The PLC voted 51-1 in favor of dissolving Arafat's appointed 18-member limited self-rule cabinet. Sixteen ministers gave letters to Arafat signaling readiness to resign if asked. But Arafat confirmed the corrupt ministers in their positions rather than firing them. Additionally, PLC member Haider Abdel Shafi resigned due to "frustration with the performance of the PLC and with the executive's total lack of concern for its recommendations," and added, "The PLC is a marginal body and not a true parliament."
Even as the PLC committee was conducting its investigation, Arafat appointed Tayeb Abd al-Rahim, general secretary of the Presidential Office, to make a detailed inquiry into acts of corruption. His report remains secret.
In practice the reports were meaningless. Since Arafat does not honor rule of law, decisions by auditors or the Palestinian Legislative Council fall by the wayside. Corruption continues. More than six years after the report's issuance, Tarifi remains in the cabinet. Rather than face charges, Sha'ath has won promotion.
In another case, Salam Fayyad, the official in charge of finance, again said in August 2003 that there were many "irregularities" in the work of the Petroleum Authority, which has been siphoning money to secret bank accounts for years. When Nablus legislator Mu'awyah al-Masri asked for details and figures about the revenues from oil products, Fayyad shocked the lawmakers by declaring, "Unfortunately, the documents related to the revenues from oil products—or how the money was used—can't be found. They have disappeared from the ministry."

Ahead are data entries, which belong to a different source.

(* Let $G$ be an infinite locally finite connected graph and $(F_i)_{i=1}^\infty$ a sequence of finite connected subgraphs of $G$ such that, for all $i\ge1$, $F_i\le F_{i+1}$ and $N_G(F_i)\subseteq V(F_{i+1})$. Set $F=\bigcup_{i=1}^\infty F_i$. Suppose that for every $i\ge1$ and every component $H$ of $G-V(F_{i+1})$ there is a component $D$ of $F_{i+1}-V(F_i)$ with $N_G(H)\subseteq V(D)$. Then $F$ is a spanning subgraph of $G$ that is faithful to $G$.
   Context: For $X\subseteq V(G)$, $N_G(X)=\bigcup_{v\in X}N_G(v)\setminus X$; for a subgraph $H$, $N_G(H)=N_G(V(H))$. A ray is a one-way infinite path; two rays of a graph $H$ are equivalent in $H$ if for every finite $S\subseteq V(H)$ some component of $H-S$ contains tails of both; the classes are the ends of $H$. A subgraph $F$ of $G$ is faithful to $G$ if (i) every end of $G$ contains a ray of $F$, and (ii) any two rays of $F$ are equivalent in $F$ if and only if they are equivalent in $G$. *)

theory Defs
  imports Main
begin

type_synonym 'a graph = "'a set \<times> 'a set set"

definition verts :: "'a graph \<Rightarrow> 'a set" where "verts G = fst G"
definition edges :: "'a graph \<Rightarrow> 'a set set" where "edges G = snd G"

definition graph :: "'a graph \<Rightarrow> bool" where
  "graph G \<longleftrightarrow> (\<forall>e\<in>edges G. \<exists>u v. u \<noteq> v \<and> u \<in> verts G \<and> v \<in> verts G \<and> e = {u, v})"

definition adj :: "'a graph \<Rightarrow> 'a \<Rightarrow> 'a \<Rightarrow> bool" where
  "adj G u v \<longleftrightarrow> {u, v} \<in> edges G"

definition subgraph :: "'a graph \<Rightarrow> 'a graph \<Rightarrow> bool" where
  "subgraph H G \<longleftrightarrow> graph H \<and> verts H \<subseteq> verts G \<and> edges H \<subseteq> edges G"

The bank accounts of Harbi Sarsour, head of the Petroleum Authority, were frozen by the PA pending investigation into the scandal. But an initial investigation by Fayyad's office and the PLC showed that much of the oil profits had been deposited into a bank account under Arafat's name.

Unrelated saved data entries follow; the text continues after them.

lemma J_lift_in_D12_cone_iff: "J_lift p \<in> D12_cone \<longleftrightarrow> p \<in> bidisc"
proof -
  define a b where "a = norm (p$1)" and "b = norm (p$2)"
  have bounds: "0 \<le> a" "0 \<le> b" "\<bar>Im (p$1)\<bar> \<le> a" "\<bar>Im (p$2)\<bar> \<le> b"
    by (simp_all add: a_def b_def abs_Im_le_cmod)
  have imag: "imag_form (J_lift p) = 1 - a\<^sup>2 * b\<^sup>2 + (1 - b\<^sup>2) * Im (p$1) + (1 - a\<^sup>2) * Im (p$2)"
    by (simp add: imag_form_J_lift a_def b_def)
  have herm: "hermitian_form (J_lift p) = 2 * ((1 - a\<^sup>2) * (1 - b\<^sup>2))"
    by (simp add: hermitian_form_J_lift a_def b_def)
  show ?thesis
  proof
    assume cone: "J_lift p \<in> D12_cone"
    have "1 \<le> a \<and> 1 \<le> b" if "\<not> (a < 1 \<and> b < 1)"
    proof (cases "p$1 = p$2")
      case True
      with that show ?thesis by (simp add: a_def b_def)
    next
      case False
      then have "0 < (1 - a\<^sup>2) * (1 - b\<^sup>2)"
        using cone herm by (simp add: D12_cone_def J_lift_def)
      moreover have "1 < x\<^sup>2 \<longleftrightarrow> 1 < x" if "0 \<le> x" for x :: real
        using abs_square_le_1[of x] that by auto
      ultimately show ?thesis
        using that bounds by (auto simp: zero_less_mult_iff abs_square_less_1)
    qed
    then show "p \<in> bidisc"
      using cone imag bounds imag_bound_nonpos[of a b "Im (p$1)" "Im (p$2)"]
      by (force simp: D12_cone_def bidisc_def a_def b_def)
  next
    assume "p \<in> bidisc"
    then have "a < 1" "b < 1" by (simp_all add: bidisc_def a_def b_def)
    then show "J_lift p \<in> D12_cone"
      using imag_bound_pos[OF bounds(1,2) _ _ bounds(3,4)] imag herm quadric_J_lift bounds
      by (simp add: D12_cone_def abs_square_less_1)
  qed
qed

lemma J_inv_J_lift: "J_inv (J_lift p) = p"
  unfolding vec_eq_iff forall_2 J_inv_def J_lift_def by (simp add: field_simps)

For sheer scale, few allegations match up to a deal allegedly struck between Muhammad Rashid, one of Arafat's economic advisors, and the late Yossi Ginosar, a former Israeli security officer. Ginosar's company, ARC, helped open Swiss bank accounts and deposit funds into them derived from both PA-financed companies and Israeli tax rebates to the Palestinian Authority. Over a period of five years, approximately US$900 million was diverted to these accounts.
In early 2002, the Palestinian Center for Policy and Survey Research conducted a poll in which they surveyed 1,320 Palestinians. Eighty-five percent believed that there was corruption in PA institutions; only 16 percent gave a positive evaluation to democracy under the Palestinian Authority. Eighty-four percent expressed support for fundamental reforms in the PA.

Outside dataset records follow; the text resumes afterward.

lemma J_zero_eq_aug_kernel_from:
  assumes R: "ring (Rring p l)" and "k \<le> l"
  shows "J p l k 0 = aug_kernel_from p l k"
proof
  interpret ring "Rring p l" by (fact R)
  show "J p l k 0 \<subseteq> aug_kernel_from p l k"
    unfolding J_def
  proof (rule genideal_minimal[OF aug_kernel_from_ideal[OF R]])
    have "Rint l 0 = (\<lambda>_. 0)" by (simp add: Rint_def fun_eq_iff)
    then show "insert (Rint l 0) {F p l i | i. k \<le> i \<and> i < l} \<subseteq> aug_kernel_from p l k"
      using ideal_zero_closed[OF aug_kernel_from_ideal[OF R]] F_in_aug_kernel_from by auto
  qed
  have "ideal (J p l k 0) (Rring p l)"
    unfolding J_def by (rule genideal_ideal[OF J_generators_in_carrier])
  moreover have "F p l i \<in> J p l k 0" if "k \<le> i" "i < l" for i
    using genideal_self[OF J_generators_in_carrier] that unfolding J_def by blast
  ultimately show "aug_kernel_from p l k \<subseteq> J p l k 0"
    using aug_kernel_from_subset_ideal \<open>k \<le> l\<close> by blast
qed

lemma Gcd_mem_if_closed_under_diff:
  fixes S :: "int set"
  assumes "0 \<in> S" and "\<And>a b. a \<in> S \<Longrightarrow> b \<in> S \<Longrightarrow> a - b \<in> S"
  shows "Gcd S \<in> S"
proof -
  have "s \<in> S" if "s \<in> group_closure S" for s
    using that by induction (use assms in auto)
  then show ?thesis using Gcd_in_group_closure by blast
qed

lemma ideal_between_aug_kernels:
  assumes I: "ideal I (Rring p l)" and "k < l"
    and lower: "aug_kernel_from p l (Suc k) \<subseteq> I" and upper: "I \<subseteq> aug_kernel_from p l k"
  defines "n \<equiv> Gcd ((\<lambda>f. f k) ` I)"
  shows "I = genideal (Rring p l) (insert (\<lambda>m. n * F p l k m) {F p l i | i. Suc k \<le> i \<and> i < l})"
    (is "I = genideal _ ?gens")
proof -
  interpret I: ideal I "Rring p l" by fact
  have reduce: "(\<lambda>m. f m - f k * F p l k m) \<in> aug_kernel_from p l (Suc k)" if "f \<in> I" for f
    using aug_kernel_from_elim_step upper that \<open>k < l\<close> by blast
  have "n \<in> (\<lambda>f. f k) ` I"
    unfolding n_def
  proof (rule Gcd_mem_if_closed_under_diff)
    show "0 \<in> (\<lambda>f. f k) ` I" using ideal_zero_closed[OF I] by force
    fix a b assume "a \<in> (\<lambda>f. f k) ` I" "b \<in> (\<lambda>f. f k) ` I"
    then show "a - b \<in> (\<lambda>f. f k) ` I" using ideal_diff_closed[OF I] by force
  qed
  then obtain f0 where "f0 \<in> I" "f0 k = n" by blast
  then have nF_in_I: "(\<lambda>m. n * F p l k m) \<in> I"
    using ideal_diff_closed[OF I \<open>f0 \<in> I\<close>, of "\<lambda>m. f0 m - f0 k * F p l k m"] reduce lower
    by auto
  have gens: "?gens \<subseteq> carrier (Rring p l)"
    using F_in_Rcarrier \<open>k < l\<close> by (force simp: Rcarrier_def)
  show ?thesis
  proof
    show "genideal (Rring p l) ?gens \<subseteq> I"
    proof (rule I.genideal_minimal[OF I])
      have "{F p l i | i. Suc k \<le> i \<and> i < l} \<subseteq> I"
        using F_in_aug_kernel_from lower by blast
      then show "?gens \<subseteq> I" using nF_in_I by blast
    qed
  next
    define K where "K = genideal (Rring p l) ?gens"
    have K: "ideal K (Rring p l)"
      unfolding K_def by (rule I.genideal_ideal[OF gens])
    have gens_in_K: "?gens \<subseteq> K"
      unfolding K_def by (rule I.genideal_self[OF gens])
    show "I \<subseteq> K"
    proof
      fix f assume "f \<in> I"
      then have "n dvd f k" unfolding n_def by (simp add: Gcd_dvd)
      then obtain c where c: "f k = n * c" by blast
      have "aug_kernel_from p l (Suc k) \<subseteq> K"
        by (rule aug_kernel_from_subset_ideal[OF K Suc_leI[OF \<open>k < l\<close>]]) (use gens_in_K in blast)
      then have "(\<lambda>m. f m - f k * F p l k m) \<in> K"
        using reduce[OF \<open>f \<in> I\<close>] by blast
      moreover have "(\<lambda>m. c * (n * F p l k m)) \<in> K"
        using ideal_smult_closed[OF K] gens_in_K by blast
      ultimately have "(\<lambda>m. (f m - f k * F p l k m) + c * (n * F p l k m)) \<in> K"
        using ideal_add_closed[OF K] by blast
      then show "f \<in> K" by (simp add: c algebra_simps)
    qed
  qed
qed

theorem lemma6:
  fixes p :: int and r l k :: nat and I :: "(nat \<Rightarrow> int) set"
  assumes "prime p" and "1 \<le> l" and "l \<le> r" and "k \<le> l - 1"
    and "ideal I (Rring p l)"
    and "J p l (k + 1) 0 \<subseteq> I" and "I \<subseteq> J p l k 0"
  shows "\<exists>n::int. I = genideal (Rring p l)
            (insert (Rmult p l (Rint l n) (F p l k)) {F p l i | i. k + 1 \<le> i \<and> i < l})"
proof -
  have R: "ring (Rring p l)" using assms(5) by (rule ideal.axioms(2))
  have "k < l" using assms(2,4) by linarith
  then have "aug_kernel_from p l (Suc k) \<subseteq> I" and "I \<subseteq> aug_kernel_from p l k"
    using assms(6,7) J_zero_eq_aug_kernel_from[OF R] by simp_all
  from ideal_between_aug_kernels[OF assms(5) \<open>k < l\<close> this]
  obtain n where "I = genideal (Rring p l) (insert (\<lambda>m. n * F p l k m) {F p l i | i. Suc k \<le> i \<and> i < l})"
    by blast
  moreover have "Rmult p l (Rint l n) (F p l k) = (\<lambda>m. n * F p l k m)"
    using Rmult_Rint_left F_in_Rcarrier \<open>k < l\<close> by simp
  ultimately show ?thesis by (intro exI[of _ n]) simp
qed

end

Arafat Robs the Palestine International Bank
On November 28, 1999, I became a victim of Arafat's abuse of power and flagrant disregard for the law. That's when, in direct breach of the law, Arafat issued a decree dissolving the Palestine International Bank's board of directors. The state-controlled Palestine Monetary Authority took over the bank, and with Arafat's blessing and written approval, formed a new supervisory board of directors, including at least one convicted and Interpol-wanted felon. The unlawful takeover was a confiscation of my own, my shareholders', and my clients' private assets for Arafat's personal use. At the date of seizure, PIB total assets amounted to $105 million. Since the takeover, they have neither called for a shareholders' meeting nor disclosed the bank's balance sheet.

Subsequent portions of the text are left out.